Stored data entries
┄┄┄┄┄┄┄┄┄┄
(* Let $\Gamma\subset\mathbb{R}^2$ be a simple closed curve such that every set of $6$ points of $\Gamma$ is in c.s.c. position. Let $a\in\Gamma$ be a smooth point of $\Gamma$ with tangent line $\ell$, and let $b,c,d\in\Gamma$ be points such that $abcd$ is a non-degenerate parallelogram (with vertices in this cyclic order, so $c$ is opposite to $a$) whose sides are not parallel to $\ell$. Then the line through $c$ parallel to $\ell$ is a supporting line of $\Gamma$.
   Context: A set of points in $\mathbb{R}^2$ is in c.s.c. position if it is contained in the boundary of a centrally symmetric convex body. Under the hypothesis, $\Gamma$ is the boundary of a convex body, so at every point it has two one-sided tangent lines (the best linear approximations of $\Gamma$ at that point in the clockwise and counter-clockwise directions); a point is smooth if these coincide, and the common line is the tangent line there (equivalently, there is a unique supporting line of $\Gamma$ through that point). A supporting line of $\Gamma$ is a line meeting $\Gamma$ such that $\Gamma$ lies in one of the closed half-planes it determines. *)

theory Defs
  imports "HOL-Analysis.Analysis"
begin

type_synonym pt = "real^2"

definition simple_closed_curve :: "pt set \<Rightarrow> bool" where
  "simple_closed_curve \<Gamma> \<longleftrightarrow>
     (\<exists>g. simple_path g \<and> pathfinish g = pathstart g \<and> path_image g = \<Gamma>)"

definition convex_body :: "pt set \<Rightarrow> bool" where
  "convex_body K \<longleftrightarrow> compact K \<and> convex K \<and> interior K \<noteq> {}"

definition centrally_symmetric :: "pt set \<Rightarrow> bool" where
  "centrally_symmetric K \<longleftrightarrow> (\<exists>p. \<forall>x\<in>K. 2 *\<^sub>R p - x \<in> K)"

definition csc_position :: "pt set \<Rightarrow> bool" where
  "csc_position S \<longleftrightarrow> (\<exists>K. convex_body K \<and> centrally_symmetric K \<and> S \<subseteq> frontier K)"

definition is_line :: "pt set \<Rightarrow> bool" where
  "is_line L \<longleftrightarrow> (\<exists>u t. u \<noteq> 0 \<and> L = {x. inner u x = t})"

definition supporting_line :: "pt set \<Rightarrow> pt set \<Rightarrow> bool" where
  "supporting_line \<Gamma> L \<longleftrightarrow>
     (\<exists>u t. u \<noteq> 0 \<and> L = {x. inner u x = t} \<and> L \<inter> \<Gamma> \<noteq> {} \<and>
        ((\<forall>x\<in>\<Gamma>. inner u x \<le> t) \<or> (\<forall>x\<in>\<Gamma>. inner u x \<ge> t)))"

definition smooth_point_tangent :: "pt set \<Rightarrow> pt \<Rightarrow> pt set \<Rightarrow> bool" where
  "smooth_point_tangent \<Gamma> a L \<longleftrightarrow>
     a \<in> \<Gamma> \<and> a \<in> L \<and> supporting_line \<Gamma> L \<and>
     (\<forall>L'. supporting_line \<Gamma> L' \<and> a \<in> L' \<longrightarrow> L' = L)"

end

theory Submission
  imports Defs
begin

text \<open>Let \<open>\<Gamma>\<close> lie below its tangent \<open>l = {x. u \<bullet> x = t}\<close> at \<open>a\<close>; we show \<open>u \<bullet> c \<le> u \<bullet> x\<close> for
  all \<open>x \<in> \<Gamma>\<close>. In the affine frame \<open>a, e = b - a, f = d - a\<close>, a point \<open>x\<close> strictly below the
  parallel to \<open>l\<close> through \<open>c\<close> has a coordinate larger than \<open>1\<close>, say along \<open>e\<close>. Since \<open>a\<close> is
  smooth, every other line through \<open>a\<close> is crossed by \<open>\<Gamma>\<close>; a line whose direction lies between
  the tangent and \<open>x - c\<close> provides a sixth point \<open>y\<close>. But \<open>a, b, c, d, x, y\<close> cannot lie on the
  boundary of a centrally symmetric convex body: the supporting lines at the four vertices,
  tested against the points and their reflections in the centre, give an infeasible system of
  linear inequalities.\<close>

lemma det2_nonzero_if_not_collinear:
  fixes e f :: "real^2"
  assumes "\<not> collinear {0, e, f}"
  shows "e$1 * f$2 - e$2 * f$1 \<noteq> 0"
proof
  assume det: "e$1 * f$2 - e$2 * f$1 = 0"
  have "e \<noteq> 0" using assms collinear_lemma by blast
  then consider "e$1 \<noteq> 0" | "e$2 \<noteq> 0" by (auto simp: vec_eq_iff forall_2)
  then have "\<exists>c. f = c *\<^sub>R e"
  proof cases
    case 1
    with det have "f = (f$1 / e$1) *\<^sub>R e" by (auto simp: vec_eq_iff forall_2 field_simps)
    then show ?thesis ..
  next
    case 2
    with det have "f = (f$2 / e$2) *\<^sub>R e" by (auto simp: vec_eq_iff forall_2 field_simps)
    then show ?thesis ..
  qed
  then show False using assms collinear_lemma by blast
qed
┄┄┄┄┄┄┄┄┄┄
**TASK TO CARRY OUT:** Nothing is to be left out: set down all the records again exactly.

**RESULT:**
(* Let $\Gamma\subset\mathbb{R}^2$ be a simple closed curve such that every set of $6$ points of $\Gamma$ is in c.s.c. position. Let $a\in\Gamma$ be a smooth point of $\Gamma$ with tangent line $\ell$, and let $b,c,d\in\Gamma$ be points such that $abcd$ is a non-degenerate parallelogram (with vertices in this cyclic order, so $c$ is opposite to $a$) whose sides are not parallel to $\ell$. Then the line through $c$ parallel to $\ell$ is a supporting line of $\Gamma$.
   Context: A set of points in $\mathbb{R}^2$ is in c.s.c. position if it is contained in the boundary of a centrally symmetric convex body. Under the hypothesis, $\Gamma$ is the boundary of a convex body, so at every point it has two one-sided tangent lines (the best linear approximations of $\Gamma$ at that point in the clockwise and counter-clockwise directions); a point is smooth if these coincide, and the common line is the tangent line there (equivalently, there is a unique supporting line of $\Gamma$ through that point). A supporting line of $\Gamma$ is a line meeting $\Gamma$ such that $\Gamma$ lies in one of the closed half-planes it determines. *)

theory Defs
  imports "HOL-Analysis.Analysis"
begin

type_synonym pt = "real^2"

definition simple_closed_curve :: "pt set \<Rightarrow> bool" where
  "simple_closed_curve \<Gamma> \<longleftrightarrow>
     (\<exists>g. simple_path g \<and> pathfinish g = pathstart g \<and> path_image g = \<Gamma>)"

definition convex_body :: "pt set \<Rightarrow> bool" where
  "convex_body K \<longleftrightarrow> compact K \<and> convex K \<and> interior K \<noteq> {}"

definition centrally_symmetric :: "pt set \<Rightarrow> bool" where
  "centrally_symmetric K \<longleftrightarrow> (\<exists>p. \<forall>x\<in>K. 2 *\<^sub>R p - x \<in> K)"

definition csc_position :: "pt set \<Rightarrow> bool" where
  "csc_position S \<longleftrightarrow> (\<exists>K. convex_body K \<and> centrally_symmetric K \<and> S \<subseteq> frontier K)"

definition is_line :: "pt set \<Rightarrow> bool" where
  "is_line L \<longleftrightarrow> (\<exists>u t. u \<noteq> 0 \<and> L = {x. inner u x = t})"

definition supporting_line :: "pt set \<Rightarrow> pt set \<Rightarrow> bool" where
  "supporting_line \<Gamma> L \<longleftrightarrow>
     (\<exists>u t. u \<noteq> 0 \<and> L = {x. inner u x = t} \<and> L \<inter> \<Gamma> \<noteq> {} \<and>
        ((\<forall>x\<in>\<Gamma>. inner u x \<le> t) \<or> (\<forall>x\<in>\<Gamma>. inner u x \<ge> t)))"

definition smooth_point_tangent :: "pt set \<Rightarrow> pt \<Rightarrow> pt set \<Rightarrow> bool" where
  "smooth_point_tangent \<Gamma> a L \<longleftrightarrow>
     a \<in> \<Gamma> \<and> a \<in> L \<and> supporting_line \<Gamma> L \<and>
     (\<forall>L'. supporting_line \<Gamma> L' \<and> a \<in> L' \<longrightarrow> L' = L)"

end

theory Submission
  imports Defs
begin

text \<open>Let \<open>\<Gamma>\<close> lie below its tangent \<open>l = {x. u \<bullet> x = t}\<close> at \<open>a\<close>; we show \<open>u \<bullet> c \<le> u \<bullet> x\<close> for
  all \<open>x \<in> \<Gamma>\<close>. In the affine frame \<open>a, e = b - a, f = d - a\<close>, a point \<open>x\<close> strictly below the
  parallel to \<open>l\<close> through \<open>c\<close> has a coordinate larger than \<open>1\<close>, say along \<open>e\<close>. Since \<open>a\<close> is
  smooth, every other line through \<open>a\<close> is crossed by \<open>\<Gamma>\<close>; a line whose direction lies between
  the tangent and \<open>x - c\<close> provides a sixth point \<open>y\<close>. But \<open>a, b, c, d, x, y\<close> cannot lie on the
  boundary of a centrally symmetric convex body: the supporting lines at the four vertices,
  tested against the points and their reflections in the centre, give an infeasible system of
  linear inequalities.\<close>

lemma det2_nonzero_if_not_collinear:
  fixes e f :: "real^2"
  assumes "\<not> collinear {0, e, f}"
  shows "e$1 * f$2 - e$2 * f$1 \<noteq> 0"
proof
  assume det: "e$1 * f$2 - e$2 * f$1 = 0"
  have "e \<noteq> 0" using assms collinear_lemma by blast
  then consider "e$1 \<noteq> 0" | "e$2 \<noteq> 0" by (auto simp: vec_eq_iff forall_2)
  then have "\<exists>c. f = c *\<^sub>R e"
  proof cases
    case 1
    with det have "f = (f$1 / e$1) *\<^sub>R e" by (auto simp: vec_eq_iff forall_2 field_simps)
    then show ?thesis ..
  next
    case 2
    with det have "f = (f$2 / e$2) *\<^sub>R e" by (auto simp: vec_eq_iff forall_2 field_simps)
    then show ?thesis ..
  qed
  then show False using assms collinear_lemma by blast
qed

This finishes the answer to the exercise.